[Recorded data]
• • • •
lemma norm_displacement_sq_le:
  assumes i: "i \<in> {1..n}"
  shows "(norm (p 1 - p i))\<^sup>2 \<le> e\<^sup>2 * (4 * (\<Sum>i=1..n. L i) * (\<Sum>j=1..n. bregman (f (s j)) (gradf (s j)) z (p j))
      + 8 * (\<Sum>i=1..n. L i) * (\<Sum>j=1..n. bregman (f j) (gradf j) z xstar)
      + 4 * (norm (\<Sum>j=1..<i. gradf (s j) xstar))\<^sup>2)"
proof -
  define A where "A = (\<Sum>j=1..<i. gradf (s j) z - gradf (s j) (p j))"
  define B where "B = (\<Sum>j=1..<i. gradf (s j) z - gradf (s j) xstar)"
  define C where "C = (\<Sum>j=1..<i. gradf (s j) xstar)"
  have J: "{1..<i} \<subseteq> {1..n}"
    using i by auto
  have "p 1 - p i = e *\<^sub>R (\<Sum>j=1..<i. gradf (s j) (p j))"
    using i by (intro iterate_displacement[where G = "\<lambda>j. gradf (s j)"] step) auto
  also have "(\<Sum>j=1..<i. gradf (s j) (p j)) = - A + B + C"
    by (simp add: A_def B_def C_def sum_subtractf)
  finally have "(norm (p 1 - p i))\<^sup>2 = e\<^sup>2 * (norm (- A + B + C))\<^sup>2"
    by (simp add: power_mult_distrib)
  also have "\<dots> \<le> e\<^sup>2 * (2 * (norm A)\<^sup>2 + 4 * (norm B)\<^sup>2 + 4 * (norm C)\<^sup>2)"
    using norm_add3_sq_le[of "- A" B C] by (simp add: mult_left_mono)
  also have "\<dots> \<le> e\<^sup>2 * (4 * (\<Sum>i=1..n. L i) * (\<Sum>j=1..n. bregman (f (s j)) (gradf (s j)) z (p j))
      + 8 * (\<Sum>i=1..n. L i) * (\<Sum>j=1..n. bregman (f j) (gradf j) z xstar)
      + 4 * (norm C)\<^sup>2)"
    using norm_sum_gradient_diff_sq_le[OF J, of z p]
      norm_sum_gradient_diff_sq_le[OF J, of z "\<lambda>_. xstar"]
    unfolding A_def B_def sum_permuted[of "\<lambda>j. bregman (f j) (gradf j) z xstar"]
    by (intro mult_left_mono) auto
  finally show ?thesis
    by (simp add: C_def)
qed

lemma bregman_at_iterate_le:
  assumes i: "i \<in> {1..n}"
  shows "bregman (f (s i)) (gradf (s i)) x' (p i) \<le> L (s i) * (norm (x' - p 1))\<^sup>2 + L (s i) * (norm (p 1 - p i))\<^sup>2"
proof -
  note si = permuted_index[OF i]
  have "bregman (f (s i)) (gradf (s i)) x' (p i) \<le> L (s i) / 2 * (norm ((x' - p 1) + (p 1 - p i)))\<^sup>2"
    using bregman_le_of_lipschitz_gradient[OF gradient[OF si] lipschitz[OF si]] by simp
  also have "\<dots> \<le> L (s i) / 2 * (2 * (norm (x' - p 1))\<^sup>2 + 2 * (norm (p 1 - p i))\<^sup>2)"
    using L_pos[OF si] by (intro mult_left_mono norm_add_sq_le) simp
  finally show ?thesis
    by (simp add: algebra_simps)
qed

lemma bregman_sum_le:
  assumes e: "0 \<le> e" "2 * e * (\<Sum>i=1..n. L i) \<le> 1"
  shows "(\<Sum>i=1..n. bregman (f (s i)) (gradf (s i)) x' (p i) - bregman (f (s i)) (gradf (s i)) z (p i))
    \<le> (\<Sum>i=1..n. L i) * (norm (x' - p 1))\<^sup>2
      + 8 * e\<^sup>2 * (\<Sum>i=1..n. L i)\<^sup>2 * (\<Sum>i=1..n. bregman (f i) (gradf i) z xstar)
      + 4 * e\<^sup>2 * (\<Sum>i=2..n. L (s i) * (norm (\<Sum>j=1..i-1. gradf (s j) xstar))\<^sup>2)"
proof -
  define \<Lambda> where "\<Lambda> = (\<Sum>i=1..n. L i)"
  define A where "A = (\<Sum>j=1..n. bregman (f (s j)) (gradf (s j)) z (p j))"
  define B where "B = (\<Sum>i=1..n. bregman (f i) (gradf i) z xstar)"
  define C where "C i = (norm (\<Sum>j=1..<i. gradf (s j) xstar))\<^sup>2" for i
  define X where "X = (norm (x' - p 1))\<^sup>2"
  have term_le: "bregman (f (s i)) (gradf (s i)) x' (p i)
      \<le> L (s i) * X + L (s i) * (e\<^sup>2 * (4 * \<Lambda> * A + 8 * \<Lambda> * B)) + 4 * e\<^sup>2 * (L (s i) * C i)"
    if i: "i \<in> {1..n}" for i
  proof -
    have "L (s i) * (norm (p 1 - p i))\<^sup>2 \<le> L (s i) * (e\<^sup>2 * (4 * \<Lambda> * A + 8 * \<Lambda> * B + 4 * C i))"
      using norm_displacement_sq_le[OF i, of z xstar] L_pos[OF permuted_index[OF i]]
      by (intro mult_left_mono) (simp_all add: \<Lambda>_def A_def B_def C_def)
    with bregman_at_iterate_le[OF i, of x'] show ?thesis
      by (simp add: X_def algebra_simps)
  qed
  have "(\<Sum>i=1..n. bregman (f (s i)) (gradf (s i)) x' (p i))
      \<le> (\<Sum>i=1..n. L (s i) * X + L (s i) * (e\<^sup>2 * (4 * \<Lambda> * A + 8 * \<Lambda> * B)) + 4 * e\<^sup>2 * (L (s i) * C i))"
    using term_le by (rule sum_mono)
  also have "\<dots> = (\<Sum>i=1..n. L (s i)) * X + (\<Sum>i=1..n. L (s i)) * (e\<^sup>2 * (4 * \<Lambda> * A + 8 * \<Lambda> * B))
      + 4 * e\<^sup>2 * (\<Sum>i=1..n. L (s i) * C i)"
    by (simp only: sum.distrib sum_distrib_left[symmetric] sum_distrib_right[symmetric])
  also have "\<dots> = \<Lambda> * X + 4 * e\<^sup>2 * \<Lambda>\<^sup>2 * A + 8 * e\<^sup>2 * \<Lambda>\<^sup>2 * B + 4 * e\<^sup>2 * (\<Sum>i=1..n. L (s i) * C i)"
    unfolding sum_permuted[of L] \<Lambda>_def by (simp add: power2_eq_square algebra_simps)
  also have "4 * e\<^sup>2 * \<Lambda>\<^sup>2 * A \<le> A"
  proof -
    have "4 * e\<^sup>2 * \<Lambda>\<^sup>2 = (2 * e * \<Lambda>)\<^sup>2"
      by (simp add: power_mult_distrib)
    also have "\<dots> \<le> 1"
      using e sum_L_nonneg by (simp add: \<Lambda>_def abs_square_le_1)
    moreover have "0 \<le> A"
      unfolding A_def using permuted_index
      by (intro sum_nonneg bregman_nonneg_of_convex convex gradient) auto
    ultimately show ?thesis
      by (simp add: mult_left_le_one_le)
  qed
  also have "(\<Sum>i=1..n. L (s i) * C i) = (\<Sum>i=2..n. L (s i) * (norm (\<Sum>j=1..i-1. gradf (s j) xstar))\<^sup>2)"
    unfolding C_def by (rule sum_norm_prefix_sums_from_two)
  finally show ?thesis
    by (simp add: sum_subtractf \<Lambda>_def A_def B_def X_def)
qed

end

theorem mainTheorem7:
  fixes n K :: nat
    and f :: "nat \<Rightarrow> 'a::euclidean_space \<Rightarrow> real"
    and gradf :: "nat \<Rightarrow> 'a \<Rightarrow> 'a"
    and L :: "nat \<Rightarrow> real"
    and \<psi> :: "'a \<Rightarrow> ereal"
    and x :: "nat \<Rightarrow> 'a"
    and y :: "nat \<Rightarrow> nat \<Rightarrow> 'a"
    and \<sigma> :: "nat \<Rightarrow> nat \<Rightarrow> nat"
    and \<eta> :: "nat \<Rightarrow> real"
    and xstar z :: 'a
    and k :: nat
  assumes n_pos: "n \<ge> 1"
    and K_ge: "K \<ge> 2"
    and f_convex: "\<And>i. i \<in> {1..n} \<Longrightarrow> convex_on UNIV (f i)"
    and f_grad: "\<And>i u. i \<in> {1..n} \<Longrightarrow> (f i has_derivative (\<lambda>h. inner (gradf i u) h)) (at u)"
    and L_pos: "\<And>i. i \<in> {1..n} \<Longrightarrow> L i > 0"
    and f_smooth: "\<And>i u v. i \<in> {1..n} \<Longrightarrow> norm (gradf i u - gradf i v) \<le> L i * norm (u - v)"
    and psi: "proper_closed_convex \<psi>"
    and x1_dom: "\<psi> (x 1) \<noteq> \<infinity>"
    and eta_pos: "\<And>k. k \<in> {1..K} \<Longrightarrow> \<eta> k > 0"
    and sigma_perm: "\<And>k. k \<in> {1..K} \<Longrightarrow> \<sigma> k permutes {1..n}"
    and inner_start: "\<And>k. k \<in> {1..K} \<Longrightarrow> y k 1 = x k"
    and inner_step: "\<And>k i. k \<in> {1..K} \<Longrightarrow> i \<in> {1..n} \<Longrightarrow>
        y k (Suc i) = y k i - \<eta> k *\<^sub>R gradf (\<sigma> k i) (y k i)"
    and prox_step: "\<And>k u. k \<in> {1..K} \<Longrightarrow>
        ereal (real n) * \<psi> (x (Suc k)) + ereal (norm (x (Suc k) - y k (Suc n))^2 / (2 * \<eta> k))
        \<le> ereal (real n) * \<psi> u + ereal (norm (u - y k (Suc n))^2 / (2 * \<eta> k))"
    and xstar_min: "ereal ((\<Sum>i=1..n. f i xstar) / real n) + \<psi> xstar
        = (INF u. ereal ((\<Sum>i=1..n. f i u) / real n) + \<psi> u)"
    and inf_finite: "(INF u. ereal ((\<Sum>i=1..n. f i u) / real n) + \<psi> u) \<noteq> \<infinity> \<and> (INF u. ereal ((\<Sum>i=1..n. f i u) / real n) + \<psi> u) \<noteq> -\<infinity>"
    and eta_bound: "\<And>k. k \<in> {1..K} \<Longrightarrow>
        \<eta> k \<le> 1 / (2 * real n * sqrt (((\<Sum>i=1..n. L i) / real n) * Max (L ` {1..n})))"
    and k_range: "k \<in> {1..K}"
  shows "(1 / real n) * (\<Sum>i=1..n.
            bregman (f (\<sigma> k i)) (gradf (\<sigma> k i)) (x (Suc k)) (y k i)
          - bregman (f (\<sigma> k i)) (gradf (\<sigma> k i)) z (y k i))
      \<le> ((\<Sum>i=1..n. L i) / real n) * (norm (x (Suc k) - x k))^2
        + 8 * (\<eta> k)^2 * (real n)^2 * ((\<Sum>i=1..n. L i) / real n)^2
            * bregman (\<lambda>u. (\<Sum>i=1..n. f i u) / real n) (\<lambda>u. (1 / real n) *\<^sub>R (\<Sum>i=1..n. gradf i u)) z xstar
        + 4 * (\<eta> k)^2 * (\<Sum>i=2..n. L (\<sigma> k i) / real n * (norm (\<Sum>j=1..i-1. gradf (\<sigma> k j) xstar))^2)"
proof -
  interpret shuffling_epoch n f gradf L "\<sigma> k" "\<eta> k" "y k"
    using f_convex f_grad L_pos f_smooth sigma_perm[OF k_range] inner_step[OF k_range]
    by unfold_locales auto
  have n: "0 < real n"
    using n_pos by simp
  have \<Lambda>: "0 < (\<Sum>i=1..n. L i)"
    using n_pos L_pos by (intro sum_pos) auto
  have "(\<Sum>i=1..n. L i) \<le> real n * Max (L ` {1..n})"
    using sum_bounded_above[of "{1..n}" L "Max (L ` {1..n})"] by simp
  then have "(\<Sum>i=1..n. L i) / real n \<le> Max (L ` {1..n})"
    using n by (simp add: divide_le_eq mult.commute)
  then have "2 * \<eta> k * (real n * ((\<Sum>i=1..n. L i) / real n)) \<le> 1"
    using eta_pos[OF k_range] eta_bound[OF k_range] n \<Lambda>
    by (intro two_mul_le_one_of_le_inverse_sqrt[where b = "Max (L ` {1..n})"]) auto
  then have "(\<Sum>i=1..n. bregman (f (\<sigma> k i)) (gradf (\<sigma> k i)) (x (Suc k)) (y k i)
        - bregman (f (\<sigma> k i)) (gradf (\<sigma> k i)) z (y k i))
      \<le> (\<Sum>i=1..n. L i) * (norm (x (Suc k) - x k))\<^sup>2
        + 8 * (\<eta> k)\<^sup>2 * (\<Sum>i=1..n. L i)\<^sup>2 * (\<Sum>i=1..n. bregman (f i) (gradf i) z xstar)
        + 4 * (\<eta> k)\<^sup>2 * (\<Sum>i=2..n. L (\<sigma> k i) * (norm (\<Sum>j=1..i-1. gradf (\<sigma> k j) xstar))\<^sup>2)"
    using bregman_sum_le[of "x (Suc k)" z xstar] eta_pos[OF k_range] inner_start[OF k_range] n by simp
  from divide_right_mono[OF this, of "real n"] n show ?thesis
    by (simp add: bregman_average sum_divide_distrib[symmetric] field_simps power2_eq_square)
qed

end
• • • •
Work item
Please give again the lines above between the line holding "n * ((\<Sum>i=1..n." and the line holding "k)\<^sup>2 * (\<Sum>i=2..n.", inclusive, exactly as they are and with nothing added.

The completed task
  then have "2 * \<eta> k * (real n * ((\<Sum>i=1..n. L i) / real n)) \<le> 1"
    using eta_pos[OF k_range] eta_bound[OF k_range] n \<Lambda>
    by (intro two_mul_le_one_of_le_inverse_sqrt[where b = "Max (L ` {1..n})"]) auto
  then have "(\<Sum>i=1..n. bregman (f (\<sigma> k i)) (gradf (\<sigma> k i)) (x (Suc k)) (y k i)
        - bregman (f (\<sigma> k i)) (gradf (\<sigma> k i)) z (y k i))
      \<le> (\<Sum>i=1..n. L i) * (norm (x (Suc k) - x k))\<^sup>2
        + 8 * (\<eta> k)\<^sup>2 * (\<Sum>i=1..n. L i)\<^sup>2 * (\<Sum>i=1..n. bregman (f i) (gradf i) z xstar)
        + 4 * (\<eta> k)\<^sup>2 * (\<Sum>i=2..n. L (\<sigma> k i) * (norm (\<Sum>j=1..i-1. gradf (\<sigma> k j) xstar))\<^sup>2)"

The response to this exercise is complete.